Bitte verwenden Sie nur die Ausbildungsverträge für Tiermedizinische Fachangestellte (erhältlich als Durchschreibsatz über die Geschäftsstelle).

Ausbildungsverträge können nicht als „Download“ zur Verfügung gestellt werden.

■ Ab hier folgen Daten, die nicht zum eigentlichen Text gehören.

(* Let $\chi,m\geq 2$ be integers and write $R=\vec{R}(\chi)$. Then there exists an integer $M_0=M_0(\chi,m)$ such that the following holds for every $M\geq M_0$. Let the edges of $K=K^{(3)}_{RM}$ be coloured red/blue, and suppose $V(K)$ is partitioned into $R$ sets $V_1,\dots,V_R$ each inducing a red copy of $K^{(3)}_M$. Then at least one of the following holds: (a) for any collection of subsets $W_i\subseteq V_i$ with $|W_i|\geq M/2$ for all $i\in[R]$, there is a red tight path of length two in $K[\bigcup_{i\in[R]}W_i]$ connecting $W_j$ and $W_{j'}$ for some distinct $j,j'\in[R]$; (b) $K$ contains a blue copy of $H(TT_\chi,m)$.
   Context: $TT_\chi$ denotes the transitive tournament on $[\chi]$; $\vec{R}(\ell)$ is the least $N$ such that every tournament on at least $N$ vertices contains a copy of $TT_\ell$. For a tournament $T_\chi$ on $[\chi]$, $H(T_\chi,m)$ is the 3-uniform hypergraph on disjoint sets $A_1,\dots,A_\chi$ of size $m$ with edges $\{xyz: x,y\in A_i,\ z\in A_j,\ (i,j)\text{ an arc of }T_\chi\}$. A 3-uniform tight path of length two is a sequence of distinct vertices $v_1v_2v_3v_4$ with edges $v_1v_2v_3$ and $v_2v_3v_4$; its ends are $\{v_1,v_2\}$ and $\{v_3,v_4\}$, and it connects $S,S'$ if one end lies in $S$ and the other in $S'$. *)

theory Defs
  imports Main
begin

definition tournament_on :: "'a set \<Rightarrow> ('a \<Rightarrow> 'a \<Rightarrow> bool) \<Rightarrow> bool" where
  "tournament_on S T \<longleftrightarrow>
     (\<forall>x\<in>S. \<not> T x x) \<and>
     (\<forall>x\<in>S. \<forall>y\<in>S. x \<noteq> y \<longrightarrow> (T x y \<longleftrightarrow> \<not> T y x))"

definition contains_TT :: "'a set \<Rightarrow> ('a \<Rightarrow> 'a \<Rightarrow> bool) \<Rightarrow> nat \<Rightarrow> bool" where
  "contains_TT S T l \<longleftrightarrow>
     (\<exists>g. inj_on g {1..l} \<and> g ` {1..l} \<subseteq> S \<and>
          (\<forall>i\<in>{1..l}. \<forall>j\<in>{1..l}. i < j \<longrightarrow> T (g i) (g j)))"

definition dir_ramsey :: "nat \<Rightarrow> nat" where
  "dir_ramsey l = (LEAST N. \<forall>(S::nat set) T. finite S \<longrightarrow> card S \<ge> N \<longrightarrow>
       tournament_on S T \<longrightarrow> contains_TT S T l)"

text \<open>A red tight path of length two v1 v2 v3 v4 inside U (red edges are the triples
on which col is True), with end {v1,v2} in A and end {v3,v4} in B.\<close>
definition red_tight_path2 :: "('a set \<Rightarrow> bool) \<Rightarrow> 'a set \<Rightarrow> 'a set \<Rightarrow> 'a set \<Rightarrow> bool" where
  "red_tight_path2 col U A B \<longleftrightarrow>
     (\<exists>v1 v2 v3 v4. distinct [v1, v2, v3, v4] \<and> {v1, v2, v3, v4} \<subseteq> U \<and>
        col {v1, v2, v3} \<and> col {v2, v3, v4} \<and> {v1, v2} \<subseteq> A \<and> {v3, v4} \<subseteq> B)"

text \<open>K (complete 3-graph on V, colouring col, False = blue) contains a blue copy of
H(TT_chi, m): vertex (i,a) of H lies in A_i, i \<in> [chi], a \<in> [m]; edges
{(i,a),(i,b),(j,c)} with a \<noteq> b and (i,j) an arc of TT_chi, i.e. i < j.\<close>
definition blue_H_TT :: "'a set \<Rightarrow> ('a set \<Rightarrow> bool) \<Rightarrow> nat \<Rightarrow> nat \<Rightarrow> bool" where
  "blue_H_TT V col chi m \<longleftrightarrow>
     (\<exists>f :: nat \<times> nat \<Rightarrow> 'a.
        inj_on f ({1..chi} \<times> {1..m}) \<and> f ` ({1..chi} \<times> {1..m}) \<subseteq> V \<and>
        (\<forall>i\<in>{1..chi}. \<forall>j\<in>{1..chi}. \<forall>a\<in>{1..m}. \<forall>b\<in>{1..m}. \<forall>c\<in>{1..m}.
           i < j \<longrightarrow> a \<noteq> b \<longrightarrow> \<not> col {f (i, a), f (i, b), f (j, c)}))"

end

theory Submission
  imports Defs
begin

  1. Es handelt sich um ein doppelseitiges Vertragsformular mit 3-facher Ausfertigung und mit Durchschreibfunktion, von dem Ausbilder, Auszubildender und Landestierärztekammer jeweils ein Exemplar erhalten.
  2. Des weiteren werden umfangreiche Anlagen versandt. Im Falle des „Downloads“ kann nicht sichergestellt werden, dass der Ausbilder alle Unterlagen ausdruckt.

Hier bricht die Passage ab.